WHAT IS EXPECTED: Starting at the first line of the data below, retype every line up to and including the one containing "proof unfold_locales".

Stored items
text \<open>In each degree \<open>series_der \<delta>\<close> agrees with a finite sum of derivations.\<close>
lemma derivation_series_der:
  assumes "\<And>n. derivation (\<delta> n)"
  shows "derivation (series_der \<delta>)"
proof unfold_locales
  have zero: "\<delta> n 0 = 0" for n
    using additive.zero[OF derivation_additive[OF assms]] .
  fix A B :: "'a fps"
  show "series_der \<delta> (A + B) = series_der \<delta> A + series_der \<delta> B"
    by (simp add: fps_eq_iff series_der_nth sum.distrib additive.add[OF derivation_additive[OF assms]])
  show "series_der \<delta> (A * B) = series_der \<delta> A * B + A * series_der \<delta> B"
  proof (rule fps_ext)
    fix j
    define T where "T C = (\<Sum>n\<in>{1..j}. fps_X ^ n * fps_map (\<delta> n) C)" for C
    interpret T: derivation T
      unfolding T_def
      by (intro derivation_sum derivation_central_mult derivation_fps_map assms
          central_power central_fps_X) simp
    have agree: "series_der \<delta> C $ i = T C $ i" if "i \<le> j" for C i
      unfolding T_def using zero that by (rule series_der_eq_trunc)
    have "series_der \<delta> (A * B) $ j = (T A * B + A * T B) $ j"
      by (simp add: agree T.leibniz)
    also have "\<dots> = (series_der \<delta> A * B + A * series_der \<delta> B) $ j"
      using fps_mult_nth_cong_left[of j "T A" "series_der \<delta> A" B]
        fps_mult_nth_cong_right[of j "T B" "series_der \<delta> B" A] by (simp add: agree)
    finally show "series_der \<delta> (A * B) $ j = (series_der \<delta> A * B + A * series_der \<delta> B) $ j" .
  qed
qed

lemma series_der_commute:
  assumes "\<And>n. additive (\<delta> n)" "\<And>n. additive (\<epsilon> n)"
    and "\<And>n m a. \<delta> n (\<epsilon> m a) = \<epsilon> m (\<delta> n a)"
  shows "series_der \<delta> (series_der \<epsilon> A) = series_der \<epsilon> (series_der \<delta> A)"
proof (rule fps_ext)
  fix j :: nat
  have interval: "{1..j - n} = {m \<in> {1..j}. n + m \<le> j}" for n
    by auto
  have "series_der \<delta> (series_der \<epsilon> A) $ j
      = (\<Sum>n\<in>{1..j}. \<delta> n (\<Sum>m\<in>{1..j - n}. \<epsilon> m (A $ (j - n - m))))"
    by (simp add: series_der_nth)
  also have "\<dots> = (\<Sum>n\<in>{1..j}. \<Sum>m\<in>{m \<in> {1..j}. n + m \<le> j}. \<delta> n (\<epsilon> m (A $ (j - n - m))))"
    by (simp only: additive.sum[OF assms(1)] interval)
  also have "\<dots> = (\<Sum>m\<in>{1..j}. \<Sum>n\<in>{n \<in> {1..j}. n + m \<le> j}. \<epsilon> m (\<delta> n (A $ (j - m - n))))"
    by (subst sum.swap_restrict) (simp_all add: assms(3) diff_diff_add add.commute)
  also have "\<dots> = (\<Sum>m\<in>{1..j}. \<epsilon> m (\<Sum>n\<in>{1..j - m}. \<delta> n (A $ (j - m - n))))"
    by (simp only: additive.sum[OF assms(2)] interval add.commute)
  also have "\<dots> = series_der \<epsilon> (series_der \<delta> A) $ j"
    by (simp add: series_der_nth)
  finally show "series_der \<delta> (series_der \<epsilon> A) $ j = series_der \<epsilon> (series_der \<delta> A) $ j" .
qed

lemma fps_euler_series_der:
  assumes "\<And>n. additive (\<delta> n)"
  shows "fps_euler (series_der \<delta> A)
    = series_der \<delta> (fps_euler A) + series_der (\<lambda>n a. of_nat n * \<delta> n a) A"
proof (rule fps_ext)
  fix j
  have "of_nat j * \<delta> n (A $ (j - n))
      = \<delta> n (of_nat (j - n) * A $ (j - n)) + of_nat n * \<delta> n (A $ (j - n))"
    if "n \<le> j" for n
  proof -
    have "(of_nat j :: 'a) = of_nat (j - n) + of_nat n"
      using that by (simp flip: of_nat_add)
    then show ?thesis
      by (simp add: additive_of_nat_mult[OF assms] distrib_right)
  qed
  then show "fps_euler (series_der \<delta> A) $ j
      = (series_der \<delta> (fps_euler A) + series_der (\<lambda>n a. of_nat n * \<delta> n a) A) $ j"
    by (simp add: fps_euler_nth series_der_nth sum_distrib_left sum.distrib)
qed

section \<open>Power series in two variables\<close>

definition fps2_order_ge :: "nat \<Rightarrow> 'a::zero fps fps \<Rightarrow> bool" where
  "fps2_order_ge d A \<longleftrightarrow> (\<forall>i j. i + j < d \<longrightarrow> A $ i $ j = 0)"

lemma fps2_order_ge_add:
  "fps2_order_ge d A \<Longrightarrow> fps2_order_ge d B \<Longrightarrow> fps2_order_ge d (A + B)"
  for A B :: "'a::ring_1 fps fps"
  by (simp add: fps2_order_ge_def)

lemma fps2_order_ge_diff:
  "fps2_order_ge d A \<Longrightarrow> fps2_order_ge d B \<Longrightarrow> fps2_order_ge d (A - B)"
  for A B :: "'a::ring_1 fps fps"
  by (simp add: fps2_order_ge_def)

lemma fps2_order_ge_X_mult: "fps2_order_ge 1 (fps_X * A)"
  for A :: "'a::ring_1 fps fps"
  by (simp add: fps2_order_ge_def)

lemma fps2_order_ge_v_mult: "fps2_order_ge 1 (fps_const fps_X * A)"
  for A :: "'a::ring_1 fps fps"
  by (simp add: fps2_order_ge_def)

SOLUTION FOR THIS EXERCISE:
text \<open>In each degree \<open>series_der \<delta>\<close> agrees with a finite sum of derivations.\<close>
lemma derivation_series_der:
  assumes "\<And>n. derivation (\<delta> n)"
  shows "derivation (series_der \<delta>)"
proof unfold_locales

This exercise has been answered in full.